- **WHAT TO WORK ON**
Work through the data below line by line and say how many lines hold "shows"; give only the number.

- **Data items**
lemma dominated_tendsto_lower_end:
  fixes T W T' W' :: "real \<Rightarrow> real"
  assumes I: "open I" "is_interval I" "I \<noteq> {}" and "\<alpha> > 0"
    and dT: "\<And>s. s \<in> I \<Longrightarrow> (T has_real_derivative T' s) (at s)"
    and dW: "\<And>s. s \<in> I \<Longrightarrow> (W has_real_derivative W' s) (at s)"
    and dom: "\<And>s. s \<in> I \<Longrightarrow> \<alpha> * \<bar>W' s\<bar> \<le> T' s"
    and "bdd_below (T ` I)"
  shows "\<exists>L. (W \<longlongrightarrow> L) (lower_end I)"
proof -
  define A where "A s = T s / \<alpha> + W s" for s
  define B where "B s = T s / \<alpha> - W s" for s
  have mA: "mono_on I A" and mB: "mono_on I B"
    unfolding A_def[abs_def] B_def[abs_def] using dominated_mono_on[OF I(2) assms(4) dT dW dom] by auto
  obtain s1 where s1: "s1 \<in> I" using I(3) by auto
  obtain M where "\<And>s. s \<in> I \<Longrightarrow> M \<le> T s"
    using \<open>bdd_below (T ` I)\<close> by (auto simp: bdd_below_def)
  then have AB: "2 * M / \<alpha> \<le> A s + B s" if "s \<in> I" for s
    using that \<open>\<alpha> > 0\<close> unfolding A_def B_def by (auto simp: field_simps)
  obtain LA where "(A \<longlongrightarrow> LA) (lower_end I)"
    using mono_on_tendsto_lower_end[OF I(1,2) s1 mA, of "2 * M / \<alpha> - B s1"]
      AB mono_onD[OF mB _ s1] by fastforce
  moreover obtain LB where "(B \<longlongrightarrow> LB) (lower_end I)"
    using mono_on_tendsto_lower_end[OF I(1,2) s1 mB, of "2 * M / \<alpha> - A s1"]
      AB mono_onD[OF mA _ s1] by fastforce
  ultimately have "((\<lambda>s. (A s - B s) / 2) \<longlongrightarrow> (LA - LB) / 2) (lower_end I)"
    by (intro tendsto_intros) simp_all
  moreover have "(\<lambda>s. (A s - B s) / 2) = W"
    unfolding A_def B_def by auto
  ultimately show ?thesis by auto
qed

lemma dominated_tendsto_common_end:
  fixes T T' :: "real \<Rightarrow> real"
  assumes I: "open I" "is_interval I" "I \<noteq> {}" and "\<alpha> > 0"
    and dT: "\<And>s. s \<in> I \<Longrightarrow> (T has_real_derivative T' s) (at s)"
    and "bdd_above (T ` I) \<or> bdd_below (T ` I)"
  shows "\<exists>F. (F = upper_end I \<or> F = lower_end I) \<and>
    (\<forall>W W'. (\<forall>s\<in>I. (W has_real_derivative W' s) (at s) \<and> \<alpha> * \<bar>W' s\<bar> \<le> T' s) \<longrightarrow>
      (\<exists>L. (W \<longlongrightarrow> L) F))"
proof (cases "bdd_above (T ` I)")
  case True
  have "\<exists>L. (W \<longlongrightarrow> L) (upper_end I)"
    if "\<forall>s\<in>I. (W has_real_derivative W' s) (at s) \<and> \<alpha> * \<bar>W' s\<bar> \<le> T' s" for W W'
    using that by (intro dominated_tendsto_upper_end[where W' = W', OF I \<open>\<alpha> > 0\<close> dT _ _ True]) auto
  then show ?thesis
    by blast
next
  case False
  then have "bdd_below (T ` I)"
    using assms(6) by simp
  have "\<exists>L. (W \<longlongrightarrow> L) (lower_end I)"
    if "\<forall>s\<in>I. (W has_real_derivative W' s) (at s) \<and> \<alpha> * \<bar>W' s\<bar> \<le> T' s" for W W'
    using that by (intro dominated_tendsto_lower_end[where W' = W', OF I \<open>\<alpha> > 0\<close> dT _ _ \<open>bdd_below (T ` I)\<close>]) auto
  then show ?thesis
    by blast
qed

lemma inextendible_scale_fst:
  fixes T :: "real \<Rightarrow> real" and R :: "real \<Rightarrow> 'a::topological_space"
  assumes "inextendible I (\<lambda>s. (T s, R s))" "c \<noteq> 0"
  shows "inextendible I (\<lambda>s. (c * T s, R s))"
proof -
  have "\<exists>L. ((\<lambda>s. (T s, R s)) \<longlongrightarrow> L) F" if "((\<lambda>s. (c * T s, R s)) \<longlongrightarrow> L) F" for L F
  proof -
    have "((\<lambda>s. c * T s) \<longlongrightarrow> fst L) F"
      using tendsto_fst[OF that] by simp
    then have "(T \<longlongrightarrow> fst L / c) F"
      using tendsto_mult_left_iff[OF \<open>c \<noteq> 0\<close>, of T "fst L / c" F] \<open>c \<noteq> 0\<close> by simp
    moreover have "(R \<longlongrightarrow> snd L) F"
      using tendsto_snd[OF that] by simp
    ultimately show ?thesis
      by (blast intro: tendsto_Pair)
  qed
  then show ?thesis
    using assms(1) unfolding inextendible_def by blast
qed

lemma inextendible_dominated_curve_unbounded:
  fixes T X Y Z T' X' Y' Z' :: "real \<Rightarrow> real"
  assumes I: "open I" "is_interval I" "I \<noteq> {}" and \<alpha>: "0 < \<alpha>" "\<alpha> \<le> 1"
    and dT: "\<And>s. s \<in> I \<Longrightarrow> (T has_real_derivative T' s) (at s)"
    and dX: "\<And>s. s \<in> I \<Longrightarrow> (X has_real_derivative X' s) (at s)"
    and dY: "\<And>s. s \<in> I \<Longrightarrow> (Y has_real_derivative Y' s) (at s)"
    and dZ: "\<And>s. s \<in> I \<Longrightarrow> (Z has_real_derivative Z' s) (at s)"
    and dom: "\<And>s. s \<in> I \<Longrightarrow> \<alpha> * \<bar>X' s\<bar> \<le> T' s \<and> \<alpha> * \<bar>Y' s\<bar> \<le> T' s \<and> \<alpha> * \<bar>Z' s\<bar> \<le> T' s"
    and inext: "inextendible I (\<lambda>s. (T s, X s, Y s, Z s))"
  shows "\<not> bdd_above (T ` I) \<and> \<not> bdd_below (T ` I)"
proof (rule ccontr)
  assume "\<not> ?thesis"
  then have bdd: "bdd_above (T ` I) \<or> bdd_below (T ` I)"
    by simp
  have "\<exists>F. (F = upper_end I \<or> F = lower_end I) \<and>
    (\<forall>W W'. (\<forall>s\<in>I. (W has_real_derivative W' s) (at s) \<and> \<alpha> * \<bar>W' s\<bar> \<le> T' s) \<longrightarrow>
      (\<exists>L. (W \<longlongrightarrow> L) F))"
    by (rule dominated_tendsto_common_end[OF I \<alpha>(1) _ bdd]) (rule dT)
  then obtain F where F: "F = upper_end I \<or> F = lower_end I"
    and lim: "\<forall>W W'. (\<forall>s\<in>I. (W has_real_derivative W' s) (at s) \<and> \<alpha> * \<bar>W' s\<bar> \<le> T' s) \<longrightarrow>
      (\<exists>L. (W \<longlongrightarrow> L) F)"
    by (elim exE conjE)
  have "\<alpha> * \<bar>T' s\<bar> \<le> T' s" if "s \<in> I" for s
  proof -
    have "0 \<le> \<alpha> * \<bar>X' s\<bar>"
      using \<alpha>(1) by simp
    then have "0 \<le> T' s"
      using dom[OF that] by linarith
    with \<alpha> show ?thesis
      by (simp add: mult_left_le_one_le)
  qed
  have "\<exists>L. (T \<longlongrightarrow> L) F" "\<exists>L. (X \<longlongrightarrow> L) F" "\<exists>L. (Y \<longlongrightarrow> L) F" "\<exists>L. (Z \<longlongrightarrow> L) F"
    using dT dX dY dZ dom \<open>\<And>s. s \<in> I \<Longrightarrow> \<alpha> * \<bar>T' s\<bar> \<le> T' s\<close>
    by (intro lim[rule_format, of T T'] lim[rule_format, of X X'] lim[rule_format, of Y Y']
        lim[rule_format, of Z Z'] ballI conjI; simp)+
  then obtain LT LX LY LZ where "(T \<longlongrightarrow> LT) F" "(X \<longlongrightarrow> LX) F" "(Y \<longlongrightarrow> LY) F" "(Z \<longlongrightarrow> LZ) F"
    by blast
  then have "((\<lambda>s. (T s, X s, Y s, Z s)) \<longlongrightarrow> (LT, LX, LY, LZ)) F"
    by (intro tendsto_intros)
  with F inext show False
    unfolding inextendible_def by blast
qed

- **RESPONSE TO THE TASK**
4